The result was a two-part production that boldly challenged the sensibilities of the ITV heartland, but did so in a remarkably restrained fashion. Cast with an array of faces who denoted quality drama – Christopher Eccleston, Lesley Sharp, Annabelle Apsion and Mark Benton – viewers knew from the off this was a serious venture which demanded respect. And in the main The Second Coming lived up to that first impression, courtesy of a gripping, dark, plot free of invective. Things only fell apart at the conclusion, where Eccleston’s Christ figure agreed to take his own life seemingly just to provide some sort of closure to what had been an interesting debate about religious belief versus free will. Worse, the subsequent “well everything’s all right again” sequence depicting the catalyst for Eccelston’s demise going about her business unmolested in a supermarket was saccharine and, well, stupid. But, despite its flaws The Second Coming was still a programme of which the network was justly proud. What’s more, BBC3 would’ve killed for it.

2004 – Simply the Best

Half a century on from single-handedly revolutionising popular television through classy game shows, adventure series and variety spectaculars, ITV’s failure to find any new hit light entertainment since the 1990s meant things were looking desperate. Now, while the BBC were developing popular and critical successes like Strictly Come Dancing, ITV spent the summer months flinging out the sort of offerings they most probably thought had died out several decades before. 2004 saw this process reach its unwelcome nadir. Simply the Best was based on the ancient Intercities format that had been running in France from the year dot.
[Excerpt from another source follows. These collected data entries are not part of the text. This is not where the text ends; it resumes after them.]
text \<open>Fact (c): if p is a supersolution dominating a fixed point q, the links where
  p = q receive no interference from links where p > q (otherwise their SIR would drop
  below the target). Irreducibility rules out such a block unless it is trivial.\<close>

lemma irreducible_dominated_fixed_point:
  assumes irr: "irreducible_mat V" and u_pos: "0 < u"
    and p_super: "\<And>k. req_power u p $ k \<le> p$k"
    and q_fixed: "req_power u q = q" and q_le: "\<And>k. q$k \<le> p$k"
  shows "p = q \<or> (\<forall>k. q$k < p$k)"
proof -
  define S where "S = {k. p$k = q$k}"
  have block: "\<forall>i\<in>S. \<forall>j. j \<notin> S \<longrightarrow> V$i$j = 0"
  proof (intro ballI allI impI)
    fix i j assume iS: "i \<in> S" and jS: "j \<notin> S"
    have "u * gamma$i * ((V *v p)$i + z$i) \<le> u * gamma$i * ((V *v q)$i + z$i)"
      using p_super[of i] arg_cong[OF q_fixed, of "\<lambda>x. x$i"] iS
      by (simp add: S_def req_power_def)
    then have le: "(V *v p)$i \<le> (V *v q)$i"
      using u_pos gamma_pos[of i] by (simp add: mult_le_cancel_left_pos)
    have "V$i$j * (p$j - q$j) \<le> (\<Sum>l\<in>UNIV. V$i$l * (p$l - q$l))"
      by (rule member_le_sum) (use V_nonneg q_le in auto)
    also have "\<dots> = (V *v p)$i - (V *v q)$i"
      by (simp add: matrix_vector_mult_def sum_subtractf[symmetric] algebra_simps)
    finally have "V$i$j * (p$j - q$j) \<le> 0" using le by linarith
    moreover have "0 < p$j - q$j" using jS q_le[of j] by (auto simp: S_def)
    ultimately show "V$i$j = 0" using V_nonneg[of i j] by (smt (verit) mult_pos_pos)
  qed
  have "S = {} \<or> S = UNIV"
    using irr block unfolding irreducible_mat_def by blast
  then show ?thesis
  proof
    assume "S = UNIV"
    then show ?thesis by (auto simp: S_def vec_eq_iff)
  next
    assume "S = {}"
    then have neq: "p$k \<noteq> q$k" for k by (auto simp: S_def)
    show ?thesis
    proof (intro disjI2 allI)
      show "q$k < p$k" for k using q_le[of k] neq[of k] by linarith
    qed
  qed
qed

lemma optimal_util_pos:
  fixes C :: "real^'k^'n::finite"
  assumes C01: "\<And>n k. C$n$k = 0 \<or> C$n$k = 1" and phat_pos: "\<And>n. 0 < phat$n"
    and opt: "optimal C phat p"
  shows "0 < util V z gamma p"
proof -
  obtain p0 where "p0 \<in> powset C phat" and "\<And>k. 0 < p0$k"
    using powset_has_positive_point[OF C01 phat_pos] by blast
  then show ?thesis using opt util_pos[of p0] by (auto simp: optimal_def)
qed

lemma util_pos_imp_pos:
  assumes "\<And>j. 0 \<le> p$j" and "0 < util V z gamma p"
  shows "0 < p$k"
proof -
  have "0 < SIR V z p k / gamma$k" using assms(2) util_le[of p k] by linarith
  then have "0 < SIR V z p k" using gamma_pos[of k] by (simp add: zero_less_divide_iff)
  then show ?thesis using denom_pos[OF assms(1), of k] by (simp add: SIR_def zero_less_divide_iff)
qed

lemma optimal_budget_tight:
  fixes C :: "real^'k^'n::finite"
  assumes C01: "\<And>n k. C$n$k = 0 \<or> C$n$k = 1" and Ccol: "\<And>k. \<exists>n. C$n$k = 1"
    and phat_pos: "\<And>n. 0 < phat$n" and opt: "optimal C phat p"
  shows "Max (range (gfun C phat p)) = 1"
proof -
  let ?M = "Max (range (gfun C phat p))"
  have p_in: "p \<in> powset C phat" using opt by (simp add: optimal_def)
  have p_pos: "\<And>k. 0 < p$k"
    using util_pos_imp_pos optimal_util_pos[OF C01 phat_pos opt] p_in by (simp add: powset_def)
  have M_pos: "0 < ?M" by (rule gfun_Max_pos[OF C01 Ccol phat_pos p_pos])
  have "?M \<le> 1" using p_in phat_pos by (simp add: powset_def gfun_def)
  moreover have "\<not> ?M < 1"
  proof
    assume "?M < 1"
    then have "1 < 1 / ?M" using M_pos by simp
    then have "util V z gamma p < util V z gamma ((1 / ?M) *\<^sub>R p)"
      by (rule util_scale_strict[OF p_pos])
    moreover have "(1 / ?M) *\<^sub>R p \<in> powset C phat"
      by (rule powset_scale_to_budget[OF p_in phat_pos M_pos])
    ultimately show False using opt by (auto simp: optimal_def)
  qed
  ultimately show ?thesis by linarith
qed

text \<open>Under irreducibility an optimal vector equals every fixed point of T_u below it,
  u being the optimal utility: otherwise it strictly dominates the fixed point, which
  could then be scaled up feasibly beyond the optimum.\<close>

lemma optimal_eq_fixed_point_below:
  fixes C :: "real^'k^'n::finite"
  assumes C_nonneg: "\<And>n k. 0 \<le> C$n$k" and irr: "irreducible_mat V"
    and opt: "optimal C phat p" and u_pos: "0 < util V z gamma p"
    and q_nonneg: "\<And>k. 0 \<le> q$k" and q_le: "\<And>k. q$k \<le> p$k"
    and q_fixed: "req_power (util V z gamma p) q = q"
  shows "p = q"
proof (rule ccontr)
  let ?u = "util V z gamma p"
  assume "p \<noteq> q"
  have p_in: "p \<in> powset C phat" using opt by (simp add: optimal_def)
  have "\<And>k. req_power ?u p $ k \<le> p$k"
    using supersolution_at_util p_in by (simp add: powset_def)
  with \<open>p \<noteq> q\<close> have q_less: "\<And>k. q$k < p$k"
    using irreducible_dominated_fixed_point[OF irr u_pos _ q_fixed q_le] by blast
  have q_pos: "\<And>k. 0 < q$k" by (rule fixed_point_pos[OF q_fixed q_nonneg u_pos])
  obtain t where t: "1 < t" and tq_le: "\<And>k. (t *\<^sub>R q)$k \<le> p$k"
    using scale_below_strict[OF q_pos q_less] by blast
  have "t *\<^sub>R q \<in> powset C phat"
    by (rule powset_downward_closed[OF C_nonneg p_in _ tq_le])
       (use t q_nonneg in \<open>simp\<close>)
  then have "util V z gamma (t *\<^sub>R q) \<le> ?u" using opt by (simp add: optimal_def)
  moreover have "util V z gamma q < util V z gamma (t *\<^sub>R q)"
    by (rule util_scale_strict[OF q_pos t])
  moreover have "util V z gamma q = ?u"
    using fixed_point_balanced[OF q_nonneg q_fixed] util_attained[of q] by metis
  ultimately show False by simp
qed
Owing more than a little to It’s a Knockout, it was hosted from an arena in Jersey, meaning a rare network production credit for Channel Television (so at least someone was doing well out of it). Each week members of the public and “celebrities” – and you know they were in trouble when the most famous person on one episode was erstwhile Blue Peter host Stuart Miles – took part in an array of demeaning and pointless games. Kirsty Gallacher oversaw events, with the trailers emphasising the fact she would be wearing a bikini rather than, say, any mention of her talent. Phil Tufnell joined her, part of ITV’s depressing policy to assume anyone who’d appeared in the successful I’m a Celebrity … Get Me Out of Here! had any sort of personal popularity and hence could be whacked into any format going.

What started as a tedious 90-minute show, with pop bands and phone-in competitions padding out the repetitive business of the games, was then unbelievably extended to an actively offensive two-hour behemoth midway through its run. This was despite appalling audience figures. Eventually ITV’s patience snapped, and the big gala final was flung out at 3.30pm. Being neither popular nor of any discernible quality, Simply the Best was not really any more objectionable than contemporary stablemates Celebrities Under Pressure and With a Little Help from my Friends. Yet the arrival of Doctor Who on the BBC in 2005 illustrated that an appetite still existed for family entertainment of the type ITV seemed incapable of producing any more. It appeared, for the time being, the channel had completely forgotten how to do what it had once done best – and first.